= REQUIREMENT =
Type out the data again, word for word and in full.

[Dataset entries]

%%

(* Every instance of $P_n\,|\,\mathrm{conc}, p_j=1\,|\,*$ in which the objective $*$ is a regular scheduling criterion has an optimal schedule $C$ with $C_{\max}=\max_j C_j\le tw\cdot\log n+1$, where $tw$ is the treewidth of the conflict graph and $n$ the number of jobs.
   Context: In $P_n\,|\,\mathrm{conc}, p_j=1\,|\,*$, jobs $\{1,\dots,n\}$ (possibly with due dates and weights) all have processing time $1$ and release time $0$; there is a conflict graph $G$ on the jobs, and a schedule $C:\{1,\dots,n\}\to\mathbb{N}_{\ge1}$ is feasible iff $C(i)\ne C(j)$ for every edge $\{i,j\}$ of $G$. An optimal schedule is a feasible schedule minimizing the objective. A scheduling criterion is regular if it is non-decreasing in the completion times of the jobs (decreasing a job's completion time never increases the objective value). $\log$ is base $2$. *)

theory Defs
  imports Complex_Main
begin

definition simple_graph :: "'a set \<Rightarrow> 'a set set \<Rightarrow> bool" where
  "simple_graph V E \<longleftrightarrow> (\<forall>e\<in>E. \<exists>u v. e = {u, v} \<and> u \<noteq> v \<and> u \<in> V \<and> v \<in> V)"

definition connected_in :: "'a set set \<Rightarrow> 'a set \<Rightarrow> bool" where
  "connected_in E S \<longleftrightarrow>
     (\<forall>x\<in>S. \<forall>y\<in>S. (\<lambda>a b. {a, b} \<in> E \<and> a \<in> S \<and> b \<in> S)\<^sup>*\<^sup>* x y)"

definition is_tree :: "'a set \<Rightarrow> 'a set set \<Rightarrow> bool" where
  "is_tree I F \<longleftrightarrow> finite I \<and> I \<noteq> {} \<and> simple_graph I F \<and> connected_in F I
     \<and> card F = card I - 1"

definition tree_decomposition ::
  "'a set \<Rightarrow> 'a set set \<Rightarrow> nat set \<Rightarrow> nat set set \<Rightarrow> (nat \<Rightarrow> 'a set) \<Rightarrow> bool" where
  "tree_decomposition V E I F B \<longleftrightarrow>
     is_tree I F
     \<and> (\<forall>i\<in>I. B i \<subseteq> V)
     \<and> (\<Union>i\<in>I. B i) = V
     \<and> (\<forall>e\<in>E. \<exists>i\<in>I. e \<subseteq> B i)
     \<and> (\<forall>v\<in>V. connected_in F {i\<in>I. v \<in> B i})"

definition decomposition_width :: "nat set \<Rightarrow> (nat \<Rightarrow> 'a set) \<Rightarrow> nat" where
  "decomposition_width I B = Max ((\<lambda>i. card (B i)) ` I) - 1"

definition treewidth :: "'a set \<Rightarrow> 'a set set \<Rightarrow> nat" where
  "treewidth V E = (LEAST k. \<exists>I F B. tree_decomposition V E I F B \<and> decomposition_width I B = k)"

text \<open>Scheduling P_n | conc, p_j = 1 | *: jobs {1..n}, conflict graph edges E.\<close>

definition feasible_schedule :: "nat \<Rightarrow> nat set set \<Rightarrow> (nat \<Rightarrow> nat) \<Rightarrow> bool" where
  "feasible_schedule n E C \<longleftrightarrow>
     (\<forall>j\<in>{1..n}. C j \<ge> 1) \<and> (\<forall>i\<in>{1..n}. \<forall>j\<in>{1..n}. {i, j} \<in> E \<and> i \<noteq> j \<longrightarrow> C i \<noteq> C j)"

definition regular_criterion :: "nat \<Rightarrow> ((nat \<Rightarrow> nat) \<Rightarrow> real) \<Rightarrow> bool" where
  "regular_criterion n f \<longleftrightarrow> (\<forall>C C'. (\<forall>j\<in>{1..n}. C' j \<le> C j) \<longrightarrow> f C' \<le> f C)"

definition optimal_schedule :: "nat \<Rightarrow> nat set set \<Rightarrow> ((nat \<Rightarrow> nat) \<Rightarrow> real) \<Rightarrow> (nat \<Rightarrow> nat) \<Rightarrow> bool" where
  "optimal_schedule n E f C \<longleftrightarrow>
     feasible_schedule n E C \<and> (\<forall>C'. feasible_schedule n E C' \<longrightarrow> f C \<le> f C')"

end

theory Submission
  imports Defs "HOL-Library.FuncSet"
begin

%%

= SOLVED EXERCISE =
(* Every instance of $P_n\,|\,\mathrm{conc}, p_j=1\,|\,*$ in which the objective $*$ is a regular scheduling criterion has an optimal schedule $C$ with $C_{\max}=\max_j C_j\le tw\cdot\log n+1$, where $tw$ is the treewidth of the conflict graph and $n$ the number of jobs.
   Context: In $P_n\,|\,\mathrm{conc}, p_j=1\,|\,*$, jobs $\{1,\dots,n\}$ (possibly with due dates and weights) all have processing time $1$ and release time $0$; there is a conflict graph $G$ on the jobs, and a schedule $C:\{1,\dots,n\}\to\mathbb{N}_{\ge1}$ is feasible iff $C(i)\ne C(j)$ for every edge $\{i,j\}$ of $G$. An optimal schedule is a feasible schedule minimizing the objective. A scheduling criterion is regular if it is non-decreasing in the completion times of the jobs (decreasing a job's completion time never increases the objective value). $\log$ is base $2$. *)

theory Defs
  imports Complex_Main
begin

definition simple_graph :: "'a set \<Rightarrow> 'a set set \<Rightarrow> bool" where
  "simple_graph V E \<longleftrightarrow> (\<forall>e\<in>E. \<exists>u v. e = {u, v} \<and> u \<noteq> v \<and> u \<in> V \<and> v \<in> V)"

definition connected_in :: "'a set set \<Rightarrow> 'a set \<Rightarrow> bool" where
  "connected_in E S \<longleftrightarrow>
     (\<forall>x\<in>S. \<forall>y\<in>S. (\<lambda>a b. {a, b} \<in> E \<and> a \<in> S \<and> b \<in> S)\<^sup>*\<^sup>* x y)"

definition is_tree :: "'a set \<Rightarrow> 'a set set \<Rightarrow> bool" where
  "is_tree I F \<longleftrightarrow> finite I \<and> I \<noteq> {} \<and> simple_graph I F \<and> connected_in F I
     \<and> card F = card I - 1"

definition tree_decomposition ::
  "'a set \<Rightarrow> 'a set set \<Rightarrow> nat set \<Rightarrow> nat set set \<Rightarrow> (nat \<Rightarrow> 'a set) \<Rightarrow> bool" where
  "tree_decomposition V E I F B \<longleftrightarrow>
     is_tree I F
     \<and> (\<forall>i\<in>I. B i \<subseteq> V)
     \<and> (\<Union>i\<in>I. B i) = V
     \<and> (\<forall>e\<in>E. \<exists>i\<in>I. e \<subseteq> B i)
     \<and> (\<forall>v\<in>V. connected_in F {i\<in>I. v \<in> B i})"

definition decomposition_width :: "nat set \<Rightarrow> (nat \<Rightarrow> 'a set) \<Rightarrow> nat" where
  "decomposition_width I B = Max ((\<lambda>i. card (B i)) ` I) - 1"

definition treewidth :: "'a set \<Rightarrow> 'a set set \<Rightarrow> nat" where
  "treewidth V E = (LEAST k. \<exists>I F B. tree_decomposition V E I F B \<and> decomposition_width I B = k)"

text \<open>Scheduling P_n | conc, p_j = 1 | *: jobs {1..n}, conflict graph edges E.\<close>

definition feasible_schedule :: "nat \<Rightarrow> nat set set \<Rightarrow> (nat \<Rightarrow> nat) \<Rightarrow> bool" where
  "feasible_schedule n E C \<longleftrightarrow>
     (\<forall>j\<in>{1..n}. C j \<ge> 1) \<and> (\<forall>i\<in>{1..n}. \<forall>j\<in>{1..n}. {i, j} \<in> E \<and> i \<noteq> j \<longrightarrow> C i \<noteq> C j)"

definition regular_criterion :: "nat \<Rightarrow> ((nat \<Rightarrow> nat) \<Rightarrow> real) \<Rightarrow> bool" where
  "regular_criterion n f \<longleftrightarrow> (\<forall>C C'. (\<forall>j\<in>{1..n}. C' j \<le> C j) \<longrightarrow> f C' \<le> f C)"

definition optimal_schedule :: "nat \<Rightarrow> nat set set \<Rightarrow> ((nat \<Rightarrow> nat) \<Rightarrow> real) \<Rightarrow> (nat \<Rightarrow> nat) \<Rightarrow> bool" where
  "optimal_schedule n E f C \<longleftrightarrow>
     feasible_schedule n E C \<and> (\<forall>C'. feasible_schedule n E C' \<longrightarrow> f C \<le> f C')"

end

theory Submission
  imports Defs "HOL-Library.FuncSet"
begin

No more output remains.